Wednesday, June 12, 2013

So Emo

In other news, I've also done psychic surgery on myself again. This was for a slightly rough emotional patch. I could feel the gunk building up in my back again, and I thought that it was a mundane somatization of the emotion. Irritation can cause headaches; there's the sinking feeling in the pit of the stomach, that might be dread; I thought that this was heartbreak, with just a little extra something that felt familiar... but the previous time that I took to psychic surgery on myself, didn't have an emotional component. Except for afterwards, which was relief. And that was more of a reaction than an effect, if I may split hairs over this.

I went through the motions of ripping the gunk out, and it helped immensely.

Which made me wonder: how much of emotions are metaphysical? Did my emotions generate that gunk? Or, were my emotions a mundane reaction to the presence of that metaphysical gunk?

I haven't even figured out what that gunk is, other than "harmful when it's there so I had better move it somewhere else". I have figured out a way to get it off when it sticks to my hands, though: imaginarium fire. I wonder why I don't just annex the inside of my own torso to a door in my imaginarium and keep a fire going in there so I don't have to keep ripping gunk out. It sounds weird, sure, but I think I passed weird when I started this blog.

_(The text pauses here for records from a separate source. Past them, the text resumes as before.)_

text \<open>Take the intersection over a finite subfamily that is minimal among all such;
  adjoining any further member cannot shrink it.\<close>

lemma artinian_Inter_eq_finite_Inter:
  assumes art: "artinian R M" and ne: "F \<noteq> {}" and sub: "\<And>N. N \<in> F \<Longrightarrow> submodule R M N"
  shows "\<exists>G. finite G \<and> G \<noteq> {} \<and> G \<subseteq> F \<and> \<Inter>G = \<Inter>F"
proof -
  define B where "B = {\<Inter>G | G. finite G \<and> G \<noteq> {} \<and> G \<subseteq> F}"
  have "B \<noteq> {}" using ne unfolding B_def by blast
  moreover have "\<And>K. K \<in> B \<Longrightarrow> submodule R M K"
    unfolding B_def using submodule_Inter sub by blast
  ultimately obtain J where "J \<in> B" and Jmin: "\<forall>K\<in>B. K \<subseteq> J \<longrightarrow> K = J"
    using artinian_has_minimal[OF art] by blast
  then obtain G where G: "J = \<Inter>G" "finite G" "G \<noteq> {}" "G \<subseteq> F" unfolding B_def by blast
  have "J \<subseteq> N" if "N \<in> F" for N
  proof -
    have "\<Inter>(insert N G) \<in> B" unfolding B_def using G that by blast
    moreover have "\<Inter>(insert N G) \<subseteq> J" using G(1) by blast
    ultimately have "\<Inter>(insert N G) = J" using Jmin by blast
    then show ?thesis by blast
  qed
  then have "\<Inter>G = \<Inter>F" using G by blast
  with G show ?thesis by blast
qed

subsection \<open>Prime and primitive \<open>M\<close>-ideals\<close>

lemma simple_mod_image_of_minimal:
  assumes M: "lmodule R M" and X: "lmodule R X" and f: "mod_hom R M X f"
    and K: "submodule R M K" and fK: "f ` K \<noteq> {\<zero>\<^bsub>X\<^esub>}"
    and Kmin: "\<And>K'. submodule R M K' \<Longrightarrow> K' \<subseteq> K \<Longrightarrow> \<not> K' \<subseteq> Ann R M X \<Longrightarrow> K' = K"
  shows "simple_mod R (submod X (f ` K))"
  unfolding simple_mod_def
proof (intro conjI allI impI)
  have Y: "submodule R X (f ` K)" using submodule_image[OF M X f K] .
  show "lmodule R (submod X (f ` K))" using lmodule_submod[OF X Y] .
  show "carrier (submod X (f ` K)) \<noteq> {\<zero>\<^bsub>submod X (f ` K)\<^esub>}" using fK by simp
  fix N assume "submodule R (submod X (f ` K)) N"
  then have N: "submodule R X N" and NY: "N \<subseteq> f ` K"
    using submoduleD(1)[OF Y] unfolding submodule_def by auto
  define K' where "K' = K \<inter> f -` N"
  have NK': "N = f ` K'" using NY unfolding K'_def by blast
  show "N = {\<zero>\<^bsub>submod X (f ` K)\<^esub>} \<or> N = carrier (submod X (f ` K))"
  proof (cases "K' \<subseteq> Ann R M X")
    case True
    then have "N \<subseteq> {\<zero>\<^bsub>X\<^esub>}" using NK' f by (auto simp: Ann_def)
    then show ?thesis using submoduleD(2)[OF N] by auto
  next
    case False
    then have "K' = K"
      using Kmin submodule_Int_vimage[OF M X f K N] unfolding K'_def by blast
    then show ?thesis using NK' by simp
  qed
qed

lemma prime_M_idealE:
  fixes R :: "'r ring" and M :: "('r, 'a) module"
  assumes "prime_M_ideal R M P"
  obtains X :: "('r, 'r set) module"
  where "M_ideal R M P" "P \<noteq> carrier M" "M_prime R M X" "P = Ann R M X"
  using assms unfolding prime_M_ideal_def by (elim conjE exE) simp

lemma prime_M_ideal_imp_primitive:
  fixes R :: "'r ring" and M :: "('r, 'a) module"
  assumes M: "lmodule R M" and art: "artinian R M" and P: "prime_M_ideal R M P"
  shows "primitive_M_ideal R M P"
proof -
  obtain X :: "('r, 'r set) module" where PM: "M_ideal R M P" "P \<noteq> carrier M"
    and X: "M_prime R M X" and PX: "P = Ann R M X"
    using P by (rule prime_M_idealE)
  have lX: "lmodule R X" using M_primeD(1)[OF X] .
  have "P \<subseteq> carrier M" unfolding PX by (rule Ann_subset_carrier)
  with PM(2) have "\<not> carrier M \<subseteq> P" by blast
  define A where "A = {K. submodule R M K \<and> \<not> K \<subseteq> P}"
  have "carrier M \<in> A" using submodule_carrier[OF M] \<open>\<not> carrier M \<subseteq> P\<close> unfolding A_def by blast
  then obtain K where K: "submodule R M K" "\<not> K \<subseteq> P" and Kmin: "\<forall>K'\<in>A. K' \<subseteq> K \<longrightarrow> K' = K"
    using artinian_has_minimal[OF art, of A] unfolding A_def by blast
  obtain f k where f: "mod_hom R M X f" and k: "k \<in> K" and fk: "f k \<noteq> \<zero>\<^bsub>X\<^esub>"
    using K submoduleD(1)[OF K(1)] PX unfolding Ann_def by blast
  have fK: "f ` K \<noteq> {\<zero>\<^bsub>X\<^esub>}" using k fk by blast
  have "simple_mod R (submod X (f ` K))"
    using simple_mod_image_of_minimal[OF M lX f K(1) fK] Kmin PX unfolding A_def by blast
  moreover have "P = Ann R M (submod X (f ` K))"
    using M_prime_Ann_submod[OF M X submodule_image[OF M lX f K(1)] fK] PX by simp
  ultimately show ?thesis
    unfolding primitive_M_ideal_def using PM(1) by blast
qed

theorem theorem5p7:
  fixes R :: "'r ring" and M :: "('r, 'a) module"
  assumes "lmodule R M"
    and "proj_in_sigma R M"
    and "artinian R M"
  shows "prime_radical R M = carrier M \<or>
    (\<exists>Ps :: 'a set set. finite Ps \<and> Ps \<noteq> {} \<and> (\<forall>P\<in>Ps. primitive_M_ideal R M P) \<and>
       prime_radical R M = \<Inter>Ps)"
proof (cases "{P. prime_M_ideal R M P} = {}")
  case True
  then show ?thesis by (simp add: prime_radical_def)
next
  case False
  have sub: "\<And>P. P \<in> {P. prime_M_ideal R M P} \<Longrightarrow> submodule R M P"
    using submodule_Ann[OF assms(1) M_primeD(1)] by (auto elim: prime_M_idealE)
  obtain Ps where Ps: "finite Ps" "Ps \<noteq> {}" "Ps \<subseteq> {P. prime_M_ideal R M P}"
    and eq: "\<Inter>Ps = \<Inter>{P. prime_M_ideal R M P}"
    using artinian_Inter_eq_finite_Inter[OF assms(3) False sub] by blast
  have "prime_radical R M = \<Inter>Ps"
    using eq Ps(2,3) sub submoduleD(1) unfolding prime_radical_def by blast
  moreover have "\<forall>P\<in>Ps. primitive_M_ideal R M P"
    using Ps(3) prime_M_ideal_imp_primitive[OF assms(1,3)] by blast
  ultimately show ?thesis using Ps by blast
qed

end
(* $\mathsf{SquaMS}$ has no final object.
   Context: Let $M_0=\{(r,s)\in[0,1]^2: r\in\{0,1\}\text{ or } s\in\{0,1\}\}$. A square metric space is a pair $(X,S_X)$ with $X$ a metric space with all distances at most $2$ and $S_X\colon M_0\to X$ injective such that (sq1) for $i\in\{0,1\}$, $r,s\in[0,1]$: $d_X(S_X(i,r),S_X(i,s))=|s-r|$ and $d_X(S_X(r,i),S_X(s,i))=|s-r|$; (sq2) $d_X(S_X(r,s),S_X(t,u))\ge|r-t|+|s-u|$ for all $(r,s),(t,u)\in M_0$. $\mathsf{SquaMS}$ has these as objects and short maps $f\colon X\to Y$ with $f\circ S_X=S_Y$ as morphisms. *)

theory Defs
  imports "HOL-Analysis.Analysis"
begin

definition M0 :: "(real \<times> real) set" where
  "M0 = {(r, s). r \<in> {0..1} \<and> s \<in> {0..1} \<and> (r \<in> {0, 1} \<or> s \<in> {0, 1})}"

definition square_ms :: "'a metric \<Rightarrow> (real \<times> real \<Rightarrow> 'a) \<Rightarrow> bool" where
  "square_ms X S \<longleftrightarrow>
     (\<forall>x\<in>mspace X. \<forall>y\<in>mspace X. mdist X x y \<le> 2) \<and>
     S ` M0 \<subseteq> mspace X \<and> inj_on S M0 \<and>
     (\<forall>i\<in>{0::real, 1}. \<forall>r\<in>{0..1}. \<forall>s\<in>{0..1}.
        mdist X (S (i, r)) (S (i, s)) = \<bar>s - r\<bar> \<and>
        mdist X (S (r, i)) (S (s, i)) = \<bar>s - r\<bar>) \<and>
     (\<forall>r s t u. (r, s) \<in> M0 \<longrightarrow> (t, u) \<in> M0 \<longrightarrow>
        mdist X (S (r, s)) (S (t, u)) \<ge> \<bar>r - t\<bar> + \<bar>s - u\<bar>)"

text \<open>Morphisms of SquaMS: short maps commuting with the square embeddings
  (maps are considered on the carrier only).\<close>
definition squams_hom ::
  "'a metric \<Rightarrow> (real \<times> real \<Rightarrow> 'a) \<Rightarrow> 'b metric \<Rightarrow> (real \<times> real \<Rightarrow> 'b) \<Rightarrow> ('a \<Rightarrow> 'b) \<Rightarrow> bool" where
  "squams_hom X SX Y SY f \<longleftrightarrow>
     f \<in> mspace X \<rightarrow> mspace Y \<and>
     (\<forall>x\<in>mspace X. \<forall>y\<in>mspace X. mdist Y (f x) (f y) \<le> mdist X x y) \<and>
     (\<forall>p\<in>M0. f (SX p) = SY p)"

text \<open>(T, ST) is final with respect to all square metric spaces whose points live in
  the type 'a: for each such object there is exactly one morphism into (T, ST)
  (uniqueness as functions on the carrier).\<close>
definition squams_final_wrt :: "'a itself \<Rightarrow> 'b metric \<Rightarrow> (real \<times> real \<Rightarrow> 'b) \<Rightarrow> bool" where
  "squams_final_wrt _ T ST \<longleftrightarrow>
     (\<forall>(X::'a metric) SX. square_ms X SX \<longrightarrow>
        (\<exists>f. squams_hom X SX T ST f) \<and>
        (\<forall>f g. squams_hom X SX T ST f \<longrightarrow> squams_hom X SX T ST g \<longrightarrow>
               (\<forall>x\<in>mspace X. f x = g x)))"

end

theory Submission
  imports Defs
begin

text \<open>Adjoining to a square metric space T a new point at distance 2 from every point of T
  gives another square metric space, with the same square. Every point c of T yields a
  morphism from it to T, namely the identity on T sending the new point to c. Since T has at
  least two points, morphisms into T are not unique, so T is not final.\<close>

definition adjoin_point_dist :: "real \<Rightarrow> 'a metric \<Rightarrow> 'a option \<Rightarrow> 'a option \<Rightarrow> real" where
  "adjoin_point_dist D T x y =
     (case (x, y) of
        (Some a, Some b) \<Rightarrow> mdist T a b
      | (None, None) \<Rightarrow> 0
      | _ \<Rightarrow> D)"

lemma adjoin_point_dist_simps [simp]:
  "adjoin_point_dist D T None None = 0"
  "adjoin_point_dist D T None (Some a) = D"
  "adjoin_point_dist D T (Some a) None = D"
  "adjoin_point_dist D T (Some a) (Some b) = mdist T a b"
  by (simp_all add: adjoin_point_dist_def)

lemma Metric_space_adjoin_point:
  assumes "0 < D" and diam: "\<forall>x\<in>mspace T. \<forall>y\<in>mspace T. mdist T x y \<le> D"
  shows "Metric_space (insert None (Some ` mspace T)) (adjoin_point_dist D T)"
proof
  fix x y :: "'a option"
  show "0 \<le> adjoin_point_dist D T x y"
    using \<open>0 < D\<close> by (cases x; cases y; simp)
  show "adjoin_point_dist D T x y = adjoin_point_dist D T y x"
    by (cases x; cases y; simp add: mdist_commute)
next
  fix x y :: "'a option"
  assume "x \<in> insert None (Some ` mspace T)" "y \<in> insert None (Some ` mspace T)"
  then show "adjoin_point_dist D T x y = 0 \<longleftrightarrow> x = y"
    using \<open>0 < D\<close> by (cases x; cases y; auto)
next
  fix x y z :: "'a option"
  assume "x \<in> insert None (Some ` mspace T)" "y \<in> insert None (Some ` mspace T)"
    "z \<in> insert None (Some ` mspace T)"
  then show "adjoin_point_dist D T x z \<le> adjoin_point_dist D T x y + adjoin_point_dist D T y z"
    using \<open>0 < D\<close> diam
    by (cases x; cases y; cases z; force intro: mdist_triangle add_increasing)
qed

definition adjoin_point_metric :: "real \<Rightarrow> 'a metric \<Rightarrow> 'a option metric" where
  "adjoin_point_metric D T = metric (insert None (Some ` mspace T), adjoin_point_dist D T)"

lemma
  assumes "0 < D" and "\<forall>x\<in>mspace T. \<forall>y\<in>mspace T. mdist T x y \<le> D"
  shows mspace_adjoin_point_metric: "mspace (adjoin_point_metric D T) = insert None (Some ` mspace T)"
    and mdist_adjoin_point_metric: "mdist (adjoin_point_metric D T) = adjoin_point_dist D T"
  using Metric_space_adjoin_point [OF assms]
  by (simp_all add: adjoin_point_metric_def Metric_space.mspace_metric Metric_space.mdist_metric)

lemma square_ms_diam_le: "square_ms X S \<Longrightarrow> \<forall>x\<in>mspace X. \<forall>y\<in>mspace X. mdist X x y \<le> 2"
  by (simp add: square_ms_def)

lemma square_ms_adjoin_point:
  assumes "square_ms T S"
  shows "square_ms (adjoin_point_metric 2 T) (Some \<circ> S)"
  using assms
  unfolding square_ms_def mspace_adjoin_point_metric [OF zero_less_numeral square_ms_diam_le [OF assms]]
    mdist_adjoin_point_metric [OF zero_less_numeral square_ms_diam_le [OF assms]]
  by (auto simp: inj_on_def)

lemma squams_hom_collapse_adjoined_point:
  assumes "square_ms T S" and "c \<in> mspace T"
  shows "squams_hom (adjoin_point_metric 2 T) (Some \<circ> S) T S (case_option c id)"
proof -
  have diam: "\<forall>x\<in>mspace T. \<forall>y\<in>mspace T. mdist T x y \<le> 2"
    using square_ms_diam_le [OF assms(1)] .
  have "mdist T (case_option c id x) (case_option c id y) \<le> adjoin_point_dist 2 T x y"
    if "x \<in> insert None (Some ` mspace T)" "y \<in> insert None (Some ` mspace T)" for x y
    using that diam \<open>c \<in> mspace T\<close> mdist_zero [of c T c]
    by (cases x; cases y; auto simp del: mdist_zero)
  then show ?thesis
    using \<open>c \<in> mspace T\<close>
    unfolding squams_hom_def mspace_adjoin_point_metric [OF zero_less_numeral diam]
      mdist_adjoin_point_metric [OF zero_less_numeral diam]
    by auto
qed

lemma square_ms_corners_neq:
  assumes "square_ms X S"
  shows "S (0, 0) \<noteq> S (1, 0)"
proof -
  have "(0, 0) \<in> M0" "(1, 0) \<in> M0"
    by (auto simp: M0_def)
  with assms show ?thesis
    unfolding square_ms_def inj_on_def by (metis prod.inject zero_neq_one)
qed

lemma square_ms_corners_in_mspace:
  assumes "square_ms X S"
  shows "S (0, 0) \<in> mspace X" "S (1, 0) \<in> mspace X"
  using assms by (auto simp: square_ms_def M0_def)

theorem mainTheorem20:
  fixes T :: "'b metric" and ST :: "real \<times> real \<Rightarrow> 'b"
  assumes "square_ms T ST"
  shows "\<not> squams_final_wrt TYPE('b option) T ST"
proof
  assume "squams_final_wrt TYPE('b option) T ST"
  moreover have "square_ms (adjoin_point_metric 2 T) (Some \<circ> ST)"
    using square_ms_adjoin_point [OF assms] .
  moreover have "squams_hom (adjoin_point_metric 2 T) (Some \<circ> ST) T ST (case_option (ST (0, 0)) id)"
    and "squams_hom (adjoin_point_metric 2 T) (Some \<circ> ST) T ST (case_option (ST (1, 0)) id)"
    using squams_hom_collapse_adjoined_point [OF assms] square_ms_corners_in_mspace [OF assms]
    by auto
  moreover have "None \<in> mspace (adjoin_point_metric 2 T)"
    using mspace_adjoin_point_metric [OF zero_less_numeral square_ms_diam_le [OF assms]] by simp
  ultimately have "ST (0, 0) = ST (1, 0)"
    unfolding squams_final_wrt_def by fastforce
  with square_ms_corners_neq [OF assms] show False ..
qed

end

I don't consider myself an empath. I believe that I can pick up on metaphysical clouds of metaphysical stuff, and I believe that its nature is often informed by intent, and a person's emotions can greatly influence intent... but, I've just never been keenly attuned to other people's emotions. I've been sympathetic, or even projected my own issues on others. I'm not sure about picking up on energy or information that come from what I recognize as emotion. The closest I've gotten, is either being sympathetic, or projecting my own emotions on somebody else.

Perhaps if I developed this, then I might have a better understanding as to how it works. Part of me suspects that "emotion" might have a less objective nature than the word lets on.